Table 4. Prevalence of varicose vein risk scores and their variation according to occupational risk factors.

Occupational Risk Factors	Low Risk	Moderate/High Risk	Statistical Test	p-Value
Total experience as staff nurse			13.76	0.003 *
1–5 years	29 (63.0%)	17 (37.0%)
6–10 years	70 (89.7%)	8 (10.3%)
11–15 years	44 (69.8%)	19 (30.2%)
>15 years	48 (76.2%)	15 (23.8%)
Total day duty/month			0.35 F	0.94
1 week	7 (87.5%)	1 (12.5%)
2 weeks	20 (76.9%)	6 (23.1%)
>2 weeks	164 (75.9%)	52 (24.1%)
Total night duty/month			0.44	0.80
None	77 (75.5%)	25 (24.5%)
2 weeks	22 (81.5%)	5 (18.5%)
>2 weeks	92 (76.0%)	29 (24.0%)
Lifting heavy objects			0.79	0.37
Yes	104 (74.3%)	36 (25.7%)
No	87 (79.1%)	23 (20.9%)
Consulted an occupational therapist			0.00	0.97
Yes	32 (76.2%)	10 (23.8%)
No	159 (76.4%)	49 (23.6%)
Wear crepe bandages stockings			0.10	0.75
Yes	26 (74.3%)	9 (25.7%)
No	165 (76.7%)	50 (23.3%)
Hours spent sitting during duty hours			1.31	0.52
<2 h	88 (73.9%)	31 (26.1%)
2–4 h	84 (80.0%)	21 (20.0%)
≥4 h	19 (73.1%)	7 (26.9%)
Hours spent standing during duty hours			3.17 F	0.19
<2 h	14 (93.3%)	1 (6.7%)
2–4 h	34 (81.0%)	8 (19.0%)
≥4 h	143 (74.1%)	50 (25.9%)
Hours spent walking during duty hours			1.08	0.58
<2 h	19 (82.6%)	4 (17.4%)
2–4 h	46 (79.3%)	12 (20.7%)
≥4 h	126 (74.6%)	43 (25.4%)

^F Fisher’s exact test was used when expected counts were less than 5; * Indicates statistically significant p-values (p < 0.05).

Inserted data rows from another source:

lemma lip1_multiple_approximation:
  fixes f :: "'a::metric_space \<Rightarrow> real"
  assumes "compact (UNIV::'a set)" "continuous_on UNIV f" "e > 0"
  obtains a h where "lip1 h" "\<And>y. \<bar>f y - a * h y\<bar> \<le> e"
proof -
  obtain C g where g: "C-lipschitz_on UNIV g" "\<And>y. \<bar>f y - g y\<bar> \<le> e"
    using lipschitz_approximation[OF assms] by blast
  have "C + 1 > 0" using lipschitz_on_nonneg[OF g(1)] by simp
  then have "lip1 (\<lambda>y. g y / (C + 1))" "\<And>y. (C + 1) * (g y / (C + 1)) = g y"
    using lip1_divide[OF lipschitz_on_le[OF g(1)]] by simp_all
  then show ?thesis using that g(2) by metis
qed

lemma invariant_lip1:
  "invariant \<tau> p \<mu> \<Longrightarrow> lip1 f \<Longrightarrow> (\<integral>x. f x \<partial>\<mu>) = (\<integral>x. transfer \<tau> p f x \<partial>\<mu>)"
  unfolding invariant_def using lip1_continuous_on by blast

lemma dMK_le_if_invariant:
  fixes P Q :: "('a::metric_space \<Rightarrow> real) \<Rightarrow> 'a \<Rightarrow> real"
  assumes cX: "compact (UNIV::'a set)" and \<mu>: "\<mu> \<in> probs" and \<nu>: "\<nu> \<in> probs"
    and \<mu>_inv: "\<And>f. lip1 f \<Longrightarrow> (\<integral>x. f x \<partial>\<mu>) = (\<integral>x. P f x \<partial>\<mu>)"
    and \<nu>_inv: "\<And>f. lip1 f \<Longrightarrow> (\<integral>x. f x \<partial>\<nu>) = (\<integral>x. Q f x \<partial>\<nu>)"
    and P: "\<And>f. lip1 f \<Longrightarrow> c-lipschitz_on UNIV (P f)"
    and Q: "\<And>f. lip1 f \<Longrightarrow> continuous_on UNIV (Q f)"
    and PQ: "\<And>f x. lip1 f \<Longrightarrow> \<bar>P f x - Q f x\<bar> \<le> \<delta>"
  shows "(1 - c) * dMK \<mu> \<nu> \<le> \<delta>"
proof -
  have "dMK \<mu> \<nu> \<le> c * dMK \<mu> \<nu> + \<delta>"
  proof (rule dMK_least)
    fix f :: "'a \<Rightarrow> real" assume f: "lip1 f"
    have "(\<integral>x. P f x \<partial>\<mu>) - (\<integral>x. P f x \<partial>\<nu>) \<le> c * dMK \<mu> \<nu>"
      using dMK_lipschitz_on[OF cX \<mu> \<nu> P[OF f]] by simp
    moreover have "\<bar>(\<integral>x. P f x \<partial>\<nu>) - (\<integral>x. Q f x \<partial>\<nu>)\<bar> \<le> \<delta>"
      using integrable_probs_continuous[OF cX \<nu> lipschitz_on_continuous_on[OF P[OF f]]]
        integrable_probs_continuous[OF cX \<nu> Q[OF f]] PQ[OF f]
      by (rule integral_probs_diff_le[OF \<nu>])
    ultimately show "(\<integral>x. f x \<partial>\<mu>) - (\<integral>x. f x \<partial>\<nu>) \<le> c * dMK \<mu> \<nu> + \<delta>"
      using \<mu>_inv[OF f] \<nu>_inv[OF f] by linarith
  qed
  then show ?thesis by (simp add: algebra_simps)
qed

). Three significant predictors remained in the multivariable-adjusted regression model. The most influential predictor of moderate/high risk of varicose veins is a family history of varicose veins. Participants who reported family history are 3.57 times more likely to have a moderate/high risk of varicose veins, controlling for other factors. Race-walking/running as physical activity is associated with a significant reduction in varicose vein risk; those who race-walk or run for exercise have 4.35 times lower odds of moderate/high risk compared to those who do not do these activities, controlling for other factors. The total experience of 6–10 years in nursing is associated with significantly lower odds of varicose veins compared to 1–5 years of experience, which have 6.25 times lower odds, controlling for other factors (

Table 5. Multivariable-adjusted binary logistic regression predicting moderate/high risk of varicose veins.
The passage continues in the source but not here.